*** Data shown Section Begins ***

(* Let $v$ be a real random variable with $\Pr[v\in[v^{\min},v^{\max}]]=1$, where $0\le v^{\min}<v^{\max}$, and let $c\ge 0$. There exists a cdf $G\in\mathcal{G}$ such that Mechanism 1 with $G$ is truthful, i.e. $U_{\text{coop}}(G)-U_{\text{heur}}(G)>c$, if and only if $$c<E\big[\max(0,\,v-E[v])\big].$$ Moreover, whenever this inequality holds, the cdf $G^*$ of the point mass at $E[v]$ (i.e. $G^*(r)=0$ for $r<E[v]$ and $G^*(r)=1$ for $r\ge E[v]$) makes Mechanism 1 truthful. Equivalently, $\sup_{G\in\mathcal{G}}\big(U_{\text{coop}}(G)-U_{\text{heur}}(G)\big)=E[\max(0,v-E[v])]$, and this supremum is attained by $G^*$.
   Context: Setting: A principal owns an object whose (common) monetary value $v$ is unknown; $v$ has a prior distribution supported in $[v^{\min},v^{\max}]$ with $0\le v^{\min}<v^{\max}$, and $E[\cdot]$ denotes expectation with respect to this prior. A single agent, risk-neutral with quasi-linear utility, values the object at $v$ as well; initially he knows only the prior, but he can learn $v$ exactly by incurring a cost $c\ge0$. Let $\mathcal{G}$ be the set of cumulative distribution functions of probability measures on $[v^{\min},v^{\max}]$; for $G\in\mathcal{G}$ write $dG$ for the associated measure and $\widehat G(x)=\int_{v^{\min}}^{x}G(r)\,dr$. Mechanism 1 (parameters $\epsilon>0$ and $G\in\mathcal{G}$): (1) the principal secretly draws $r$: with probability $\epsilon$ uniformly on $[v^{\min},v^{\max}]$, with probability $1-\epsilon$ according to $G$; (2) the agent bids a real number $b$; (3) $r$ is revealed; if $b\ge r$ the agent gets the object and pays $r$ (agent's utility $v-r$), otherwise nothing happens (utility $0$). In the limit $\epsilon\to0$, define the agent's optimal expected utility when he computes $v$ (cooperative strategy, excluding the cost $c$) as $U_{\text{coop}}(G)=E\big[\sup_{b}\int_{[v^{\min},b]}(v-r)\,dG(r)\big]$, and when he does not compute $v$ (heuristic strategy, bidding based on the prior only) as $U_{\text{heur}}(G)=\sup_{b}\int_{[v^{\min},b]}(E[v]-r)\,dG(r)$. Mechanism 1 with $G$ is called truthful if $U_{\text{coop}}(G)-U_{\text{heur}}(G)>c$. *)

theory Defs
  imports "HOL-Probability.Probability"
begin

text \<open>The set \<open>\<G>\<close> of (distributions given by) cdfs of probability measures on
  the interval [vmin, vmax]; a cdf is identified with its Borel probability measure dG.\<close>
definition reserve_dists :: "real \<Rightarrow> real \<Rightarrow> real measure set" where
  "reserve_dists vmin vmax =
     {G. prob_space G \<and> sets G = sets borel \<and> emeasure G (UNIV - {vmin..vmax}) = 0}"

text \<open>Payoff of bidding b when the value is x and the reserve r is drawn from G:
  integral of (x - r) over r in [vmin, b] with respect to dG.\<close>
definition bid_payoff :: "real \<Rightarrow> real measure \<Rightarrow> real \<Rightarrow> real \<Rightarrow> real" where
  "bid_payoff vmin G x b = (LINT r:{vmin..b}|G. (x - r))"

definition U_coop :: "'a measure \<Rightarrow> ('a \<Rightarrow> real) \<Rightarrow> real \<Rightarrow> real measure \<Rightarrow> real" where
  "U_coop M v vmin G = (\<integral>\<omega>. (SUP b::real. bid_payoff vmin G (v \<omega>) b) \<partial>M)"

definition U_heur :: "'a measure \<Rightarrow> ('a \<Rightarrow> real) \<Rightarrow> real \<Rightarrow> real measure \<Rightarrow> real" where
  "U_heur M v vmin G = (SUP b::real. bid_payoff vmin G (\<integral>\<omega>. v \<omega> \<partial>M) b)"

definition truthful :: "'a measure \<Rightarrow> ('a \<Rightarrow> real) \<Rightarrow> real \<Rightarrow> real \<Rightarrow> real measure \<Rightarrow> bool" where
  "truthful M v vmin c G \<longleftrightarrow> U_coop M v vmin G - U_heur M v vmin G > c"

end

theory Submission
  imports Defs
begin

text \<open>For every reserve distribution G, the optimal payoff \<open>\<phi>(x) = sup\<^sub>b \<integral>\<^bsub>[vmin,b]\<^esub> (x - r) dG(r)\<close>
  satisfies \<open>\<phi>(x) \<le> \<phi>(y) + max 0 (x - y)\<close>, since changing the value from y to x changes every
  bid's payoff by \<open>(x - y) G[vmin,b]\<close> with \<open>G[vmin,b] \<in> [0,1]\<close>. Taking \<open>y = E[v]\<close> and integrating
  gives \<open>U_coop - U_heur \<le> E[max 0 (v - E[v])]\<close>. For the point mass at \<open>E[v]\<close> one has
  \<open>\<phi>(x) = max 0 (x - E[v])\<close> and \<open>\<phi>(E[v]) = 0\<close>, so the bound is attained.\<close>

definition best_payoff :: "real \<Rightarrow> real measure \<Rightarrow> real \<Rightarrow> real" where
  "best_payoff vmin G x = (SUP b. bid_payoff vmin G x b)"

lemma U_coop_eq: "U_coop M v vmin G = (\<integral>\<omega>. best_payoff vmin G (v \<omega>) \<partial>M)"
  by (simp add: U_coop_def best_payoff_def)

lemma U_heur_eq: "U_heur M v vmin G = best_payoff vmin G (\<integral>\<omega>. v \<omega> \<partial>M)"
  by (simp add: U_heur_def best_payoff_def)

lemma bid_payoff_eq_integral:
  "bid_payoff vmin G x b = (\<integral>r. indicator {vmin..b} r * (x - r) \<partial>G)"
  by (simp add: bid_payoff_def set_lebesgue_integral_def)

lemma borel_measurable_bid_integrand:
  fixes vmin b x :: real
  assumes "sets G = sets borel"
  shows "(\<lambda>r. indicator {vmin..b} r * (x - r)) \<in> borel_measurable G"
  unfolding measurable_cong_sets[OF assms refl] by measurable

lemma integrable_bid_integrand:
  fixes vmin b x :: real
  assumes "prob_space G" "sets G = sets borel"
  shows "integrable G (\<lambda>r. indicator {vmin..b} r * (x - r))"
proof -
  interpret prob_space G by fact
  show ?thesis
  proof (rule integrable_const_bound[where B="\<bar>x\<bar> + \<bar>vmin\<bar> + \<bar>b\<bar>"])
    show "AE r in G. norm (indicator {vmin..b} r * (x - r)) \<le> \<bar>x\<bar> + \<bar>vmin\<bar> + \<bar>b\<bar>"
      by (auto simp: indicator_def)
  qed (rule borel_measurable_bid_integrand[OF assms(2)])
qed

lemma bid_payoff_change_value:
  assumes "prob_space G" "sets G = sets borel"
  shows "bid_payoff vmin G x b = bid_payoff vmin G y b + (x - y) * measure G {vmin..b}"
proof -
  interpret prob_space G by fact
  have interval: "{vmin..b} \<in> sets G" using assms(2) by simp
  have "(\<integral>r. indicator {vmin..b} r * (x - r) \<partial>G)
      = (\<integral>r. indicator {vmin..b} r * (y - r) + (x - y) * indicator {vmin..b} r \<partial>G)"
    by (rule Bochner_Integration.integral_cong) (auto simp: algebra_simps)
  also have "\<dots> = (\<integral>r. indicator {vmin..b} r * (y - r) \<partial>G) + (x - y) * measure G {vmin..b}"
    using interval integrable_bid_integrand[OF assms]
    by (simp add: emeasure_finite less_top[symmetric])
  finally show ?thesis by (simp add: bid_payoff_eq_integral)
qed

lemma bid_payoff_le:
  assumes "prob_space G" "sets G = sets borel"
  shows "bid_payoff vmin G x b \<le> max 0 (x - vmin)"
proof -
  interpret prob_space G by fact
  have "(\<integral>r. indicator {vmin..b} r * (x - r) \<partial>G) \<le> (\<integral>r. max 0 (x - vmin) \<partial>G)"
    by (rule integral_mono[OF integrable_bid_integrand[OF assms]]) (auto simp: indicator_def)
  then show ?thesis by (simp add: bid_payoff_eq_integral prob_space)
qed

lemma bid_payoff_below_min: "b < vmin \<Longrightarrow> bid_payoff vmin G x b = 0"
  by (simp add: bid_payoff_eq_integral)

lemma bdd_above_bid_payoff:
  assumes "prob_space G" "sets G = sets borel"
  shows "bdd_above (range (bid_payoff vmin G x))"
  using bid_payoff_le[OF assms] by (intro bdd_aboveI) auto

lemma bid_payoff_le_best_payoff:
  assumes "prob_space G" "sets G = sets borel"
  shows "bid_payoff vmin G x b \<le> best_payoff vmin G x"
  unfolding best_payoff_def by (rule cSUP_upper[OF UNIV_I bdd_above_bid_payoff[OF assms]])

lemma best_payoff_nonneg:
  assumes "prob_space G" "sets G = sets borel"
  shows "0 \<le> best_payoff vmin G x"
  using bid_payoff_le_best_payoff[OF assms, of vmin x "vmin - 1"]
  by (simp add: bid_payoff_below_min)

lemma best_payoff_le_shift:
  assumes "prob_space G" "sets G = sets borel"
  shows "best_payoff vmin G x \<le> best_payoff vmin G y + max 0 (x - y)"
  unfolding best_payoff_def
proof (rule cSUP_least)
  fix b
  interpret prob_space G by fact
  have "0 \<le> measure G {vmin..b}" "measure G {vmin..b} \<le> 1" by auto
  then have "(x - y) * measure G {vmin..b} \<le> max 0 (x - y)"
    by (cases "0 \<le> x - y") (auto intro: mult_left_le mult_nonpos_nonneg)
  then show "bid_payoff vmin G x b \<le> (SUP b. bid_payoff vmin G y b) + max 0 (x - y)"
    using bid_payoff_change_value[OF assms, of vmin x b y]
      bid_payoff_le_best_payoff[OF assms, of vmin y b]
    by (simp add: best_payoff_def)
qed simp

lemma best_payoff_lipschitz:
  assumes "prob_space G" "sets G = sets borel"
  shows "1-lipschitz_on UNIV (best_payoff vmin G)"
proof (rule lipschitz_onI)
  fix x y :: real
  show "dist (best_payoff vmin G x) (best_payoff vmin G y) \<le> 1 * dist x y"
    using best_payoff_le_shift[OF assms, of vmin x y] best_payoff_le_shift[OF assms, of vmin y x]
    by (auto simp: dist_real_def)
qed simp

lemma borel_measurable_best_payoff:
  assumes "prob_space G" "sets G = sets borel"
  shows "best_payoff vmin G \<in> borel_measurable borel"
  by (rule borel_measurable_continuous_onI
      [OF lipschitz_on_continuous_on[OF best_payoff_lipschitz[OF assms]]])

lemma best_payoff_point_mass:
  assumes "vmin \<le> e"
  shows "best_payoff vmin (return borel e) x = max 0 (x - e)"
proof -
  have P: "prob_space (return borel e)" by (rule prob_space_return) simp
  have S: "sets (return borel e) = sets borel" by simp
  have payoff: "bid_payoff vmin (return borel e) x b = indicator {vmin..b} e * (x - e)" for b
    by (simp add: bid_payoff_eq_integral
        integral_return[OF _ borel_measurable_bid_integrand[OF refl]])
  show ?thesis
  proof (rule antisym)
    show "best_payoff vmin (return borel e) x \<le> max 0 (x - e)"
      unfolding best_payoff_def by (rule cSUP_least) (auto simp: payoff indicator_def)
    have "x - e \<le> best_payoff vmin (return borel e) x"
      using bid_payoff_le_best_payoff[OF P S, of vmin x e] assms by (simp add: payoff)
    then show "max 0 (x - e) \<le> best_payoff vmin (return borel e) x"
      using best_payoff_nonneg[OF P S] by simp
  qed
qed

lemma (in prob_space) expectation_in_bounds:
  fixes v :: "'a \<Rightarrow> real"
  assumes "v \<in> borel_measurable M" "AE \<omega> in M. v \<omega> \<in> {a..b}"
  shows "expectation v \<in> {a..b}"
proof -
  have "integrable M v"
    by (rule integrable_const_bound[where B="\<bar>a\<bar> + \<bar>b\<bar>"]) (use assms in auto)
  then show ?thesis
    using assms(2) by (auto intro!: integral_ge_const integral_le_const elim: AE_mp)
qed

lemma return_in_reserve_dists:
  "e \<in> {vmin..vmax} \<Longrightarrow> return borel e \<in> reserve_dists vmin vmax"
  by (auto simp: reserve_dists_def intro!: prob_space_return)

lemma truthfulness_gap_le:
  fixes M :: "'a measure" and v :: "'a \<Rightarrow> real"
  assumes "prob_space M" "v \<in> borel_measurable M"
    and "AE \<omega> in M. v \<omega> \<in> {vmin..vmax}"
    and "G \<in> reserve_dists vmin vmax"
  shows "U_coop M v vmin G - U_heur M v vmin G \<le> (\<integral>\<omega>. max 0 (v \<omega> - (\<integral>\<omega>. v \<omega> \<partial>M)) \<partial>M)"
proof -
  interpret prob_space M by fact
  have G: "prob_space G" "sets G = sets borel" using assms(4) by (auto simp: reserve_dists_def)
  define Ev where "Ev = expectation v"
  let ?\<phi> = "best_payoff vmin G"
  have shift: "?\<phi> x \<le> ?\<phi> Ev + max 0 (x - Ev)" for x
    by (rule best_payoff_le_shift[OF G])
  have integrable_excess: "integrable M (\<lambda>\<omega>. max 0 (v \<omega> - Ev))"
    by (rule integrable_const_bound[where B="\<bar>vmax\<bar> + \<bar>Ev\<bar>"]) (use assms(2,3) in auto)
  have "integrable M (\<lambda>\<omega>. ?\<phi> (v \<omega>))"
  proof (rule integrable_const_bound[where B="?\<phi> Ev + \<bar>vmax\<bar> + \<bar>Ev\<bar>"])
    show "AE \<omega> in M. norm (?\<phi> (v \<omega>)) \<le> ?\<phi> Ev + \<bar>vmax\<bar> + \<bar>Ev\<bar>"
      using assms(3)
    proof eventually_elim
      case (elim \<omega>)
      then show ?case using shift[of "v \<omega>"] best_payoff_nonneg[OF G, of vmin "v \<omega>"] by auto
    qed
  qed (rule measurable_compose[OF assms(2) borel_measurable_best_payoff[OF G]])
  then have "(\<integral>\<omega>. ?\<phi> (v \<omega>) \<partial>M) \<le> (\<integral>\<omega>. ?\<phi> Ev + max 0 (v \<omega> - Ev) \<partial>M)"
    by (rule integral_mono) (use integrable_excess shift in auto)
  also have "\<dots> = ?\<phi> Ev + (\<integral>\<omega>. max 0 (v \<omega> - Ev) \<partial>M)"
    using integrable_excess by (simp add: prob_space)
  finally show ?thesis by (simp add: U_coop_eq U_heur_eq Ev_def)
qed

lemma truthfulness_gap_point_mass:
  fixes M :: "'a measure" and v :: "'a \<Rightarrow> real"
  assumes "vmin \<le> (\<integral>\<omega>. v \<omega> \<partial>M)"
  shows "U_coop M v vmin (return borel (\<integral>\<omega>. v \<omega> \<partial>M)) - U_heur M v vmin (return borel (\<integral>\<omega>. v \<omega> \<partial>M))
       = (\<integral>\<omega>. max 0 (v \<omega> - (\<integral>\<omega>. v \<omega> \<partial>M)) \<partial>M)"
  using assms by (simp add: U_coop_eq U_heur_eq best_payoff_point_mass)

theorem theorem1:
  fixes M :: "'a measure" and v :: "'a \<Rightarrow> real" and vmin vmax c :: real
  assumes "prob_space M"
    and "v \<in> borel_measurable M"
    and "AE \<omega> in M. v \<omega> \<in> {vmin..vmax}"
    and "0 \<le> vmin" and "vmin < vmax" and "0 \<le> c"
  defines "Ev \<equiv> (\<integral>\<omega>. v \<omega> \<partial>M)"
  defines "Gstar \<equiv> return borel Ev"
  shows "((\<exists>G\<in>reserve_dists vmin vmax. truthful M v vmin c G)
            \<longleftrightarrow> c < (\<integral>\<omega>. max 0 (v \<omega> - Ev) \<partial>M))
       \<and> (c < (\<integral>\<omega>. max 0 (v \<omega> - Ev) \<partial>M) \<longrightarrow> truthful M v vmin c Gstar)
       \<and> Gstar \<in> reserve_dists vmin vmax
       \<and> (SUP G\<in>reserve_dists vmin vmax. U_coop M v vmin G - U_heur M v vmin G)
            = (\<integral>\<omega>. max 0 (v \<omega> - Ev) \<partial>M)
       \<and> U_coop M v vmin Gstar - U_heur M v vmin Gstar = (\<integral>\<omega>. max 0 (v \<omega> - Ev) \<partial>M)"
proof -
  let ?gap = "\<lambda>G. U_coop M v vmin G - U_heur M v vmin G"
  let ?E = "\<integral>\<omega>. max 0 (v \<omega> - Ev) \<partial>M"
  have Ev_bounds: "Ev \<in> {vmin..vmax}"
    unfolding Ev_def by (rule prob_space.expectation_in_bounds[OF assms(1-3)])
  have bound: "?gap G \<le> ?E" if "G \<in> reserve_dists vmin vmax" for G
    using truthfulness_gap_le[OF assms(1-3) that] by (simp add: Ev_def)
  have Gstar_in: "Gstar \<in> reserve_dists vmin vmax"
    unfolding Gstar_def by (rule return_in_reserve_dists[OF Ev_bounds])
  have attained: "?gap Gstar = ?E"
    using Ev_bounds truthfulness_gap_point_mass[of vmin M v] by (simp add: Gstar_def Ev_def)
  have "(SUP G\<in>reserve_dists vmin vmax. ?gap G) = ?E"
    by (rule cSup_eq_maximum) (use Gstar_in attained bound in \<open>auto intro!: image_eqI[of _ _ Gstar]\<close>)
  moreover have "(\<exists>G\<in>reserve_dists vmin vmax. truthful M v vmin c G) \<longleftrightarrow> c < ?E"
  proof
    assume "\<exists>G\<in>reserve_dists vmin vmax. truthful M v vmin c G"
    then show "c < ?E" using bound unfolding truthful_def by (auto intro: less_le_trans)
  qed (use Gstar_in attained in \<open>auto simp: truthful_def intro!: bexI[of _ Gstar]\<close>)
  ultimately show ?thesis
    using Gstar_in attained unfolding truthful_def by simp
qed

end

*** Data shown Section Ends ***

• _Exercise brief_: Keep only the lines of the listing that contain the word "interval", and copy them.

• _Solution below_:
  the interval [vmin, vmax]; a cdf is identified with its Borel probability measure dG.\<close>
  have interval: "{vmin..b} \<in> sets G" using assms(2) by simp
    using interval integrable_bid_integrand[OF assms]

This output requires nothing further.